New leak involving fire

hear

Can't type
Lifetime Supporting Member
Joined
Oct 18, 2020
Messages
3,230
Location
Prosper, TX
If it ain’t one thing it’s another.

Backed it out of the garage for a test drive and saw smoke. Saw some oily residue on the drivers side motor mount & on the exhaust right where the main exhaust bolts to the header pipe. No idea where it came from.

Drove it for a mew minutes, then came back home. Turning into the garage the smoke came back. Seemed to be related to hard left turns. My friend hopped out and put up the hood to see if we could identify the source. Locked the wheel hard left and apparently there were flames from under the intake. He had me kill it immediately so he couldn’t actually see the source but it’s in that area- under the intake on the firewall side-ish.

Directly above the motor mount is a tube that also has residue on it, and there is some splatter on the firewall. I have no idea where this is coming from, or why it would ignite, or especially why it only seems to happen at wheel lock.

Have not had the courage to start it again, so let’s troubleshoot first. Open to any & all ideas here.

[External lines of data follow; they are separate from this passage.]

theorem proposition3:
  fixes C D :: "real^'n^'n" and \<pi> \<alpha> :: "real^'n"
  assumes "is_MSPP C D"
    and "is_distribution \<pi>" and "\<pi> v* (C + D) = 0"
    and "is_distribution \<alpha>" and "\<alpha> v* (matrix_inv (- C) ** D) = \<alpha>"
  shows "\<forall>t::real. t \<ge> 0 \<longrightarrow>
           \<alpha> \<bullet> (mexp (t *\<^sub>R C) *v vec 1) \<le> \<pi> \<bullet> (mexp (t *\<^sub>R C) *v vec 1)"
proof (intro allI impI)
  fix t :: real assume "t \<ge> 0"
  define r where "r i = - C$i$i" for i
  define S where "S = (\<Sum>i\<in>UNIV. \<pi>$i * r i)"
  have diag: "\<And>i j. i \<noteq> j \<Longrightarrow> (t *\<^sub>R C)$i$j = 0" using assms(1) by (simp add: is_MSPP_def)
  have "S > 0" using MSPP_event_rate_pos[OF assms(1,2)] by (simp add: S_def r_def)
  have Chebyshev: "(\<Sum>i\<in>UNIV. \<pi>$i * r i * exp (- t * r i)) \<le> S * (\<Sum>i\<in>UNIV. \<pi>$i * exp (- t * r i))"
    unfolding S_def using assms(2) \<open>t \<ge> 0\<close>
    by (intro weighted_Chebyshev_sum_upper) (auto simp: is_distribution_def mult_left_mono)
  have "\<alpha> \<bullet> (mexp (t *\<^sub>R C) *v vec 1) = (\<Sum>i\<in>UNIV. \<alpha>$i * exp ((t *\<^sub>R C)$i$i))"
    by (rule inner_mexp_diagonal_ones[OF diag])
  also have "\<dots> = (\<Sum>i\<in>UNIV. \<pi>$i * r i * exp (- t * r i)) / S"
    by (simp add: MSPP_embedded_stationary[OF assms] S_def r_def sum_divide_distrib)
  also have "\<dots> \<le> (\<Sum>i\<in>UNIV. \<pi>$i * exp (- t * r i))"
    using Chebyshev \<open>S > 0\<close> by (simp add: divide_le_eq mult.commute)
  also have "\<dots> = (\<Sum>i\<in>UNIV. \<pi>$i * exp ((t *\<^sub>R C)$i$i))"
    by (simp add: r_def)
  also have "\<dots> = \<pi> \<bullet> (mexp (t *\<^sub>R C) *v vec 1)"
    by (rule inner_mexp_diagonal_ones[OF diag, symmetric])
  finally show "\<alpha> \<bullet> (mexp (t *\<^sub>R C) *v vec 1) \<le> \<pi> \<bullet> (mexp (t *\<^sub>R C) *v vec 1)" .
qed

end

38AC1D79-090F-49ED-AB46-9E0AE8C64713.jpeg


57990345-4E65-4712-84F2-8D900EDC560D.jpeg
 
brake fluid? still got a full pedal? has the level in the MC gone down any?
1 might also suspect a valve pan cover leak if it didn't appear as if it had sprayed into the fire wall. or maybe the fan could have forced it back.

hard to tell about flames but if oil got onto the hot exhaust it would smoke or maybe could flame up. but if it were burning oil residue. shutting it off wouldn't stop that necessarily.

clean it all off and try another idle, if that goes ok take a short run and try to nail down the culprit with a fresh witness.
 
Last edited:
If related to turning the wheels, I would guess power steering fluid.

What color is the fluid?

Check the PS fluid level.
 
  • Like
Reactions: hear
Brakes feel 100% fine. My friend was watching it the last time and it 100% started when I cranked the wheel over. So we got smoke (and theoretically flames( three times: first was backing out of my garage which involves the wheel hard to driver. Second was coming back into my garage with the wheel cranked hard to driver. Both times we saw smoke from the hood but we were driving so couldn't immediately investigate. The third time was with the hood up and things seemed fine until I cranked hard to driver. Then I experienced an unrequested release of fire.

While we were driving normally (that is not steering to wheel lock) there was no smoke or anything out of the ordinary. The smoke burned off and then stopped. The smoke is either from the flames and/or from the oil (could be gas, could be oil, could be ATF??, could be PS fluid, could be brake fluid) on the exhaust. Backing out of the driveway the rest of the way, the smoke burned off and then it was fine again, until I locked hard to driver. Did not test hard to passenger.
 
If related to turning the wheels, I would guess power steering fluid.

What color is the fluid?

Check the PS fluid level.

Hmm, fluid didn't seem to have any color, and I don't run ATF in my PS pump, so it could be it. But the PS lines don't run under the intake, do they?
 
My money is on a pinhole or tiny crack in the power steering high pressure line. You should be able to start it up and troubleshoot for a little bit before the exhaust manifold reaches ignition temperature.
 
  • Like
Reactions: Matt131 and hear
Found the pressure side was all wet away from the pump. Was planning to swap grilles for another project anyway, and changing the PS hoses is waaaaaay easier with the grille & radiator out of the way.

Got the lines off…is PS fluid supposed to be brown? 😩

15CC68B0-C99C-4BE9-A5CF-DA78D84AF720.jpeg
 
  • Like
Reactions: Mobusaki
I can't imagine replacing these lines with the grill & radiator in place. No. Me. Gusta.
 
Added way too much PS fluid and then sucked a bunch of it back out. Was too worried about transmission stuff to test lock-to-lock for any continued flamethrower effect, but no leaks at the pump or gearbox. Although with how much I spilled filling up the pump it could have a hole in the bottom and I might not be able to tell.

I watch a couple videos on people replacing the lines, and EVERYBODY made a huge point about being sure to not cross thread the fittings at the gearbox. For one, yes, it is hard to get that fitting in there nice and square with the weight of the line wanting to pull it down. But I was never able to get it to finger tighten more than a turn or two. I had to put the wrench on it, although it took extremely light force to turn it. If it had fought me at all I would've backed it off and started over. I had my hand only about 2" from the fitting to minimize the r x F effect; obviously it would've been easy to turn if I moved to the far end of the wrench. My goal was to make the physics do as little of the work as possible. Just in case any little leaguers out there run across this task one day.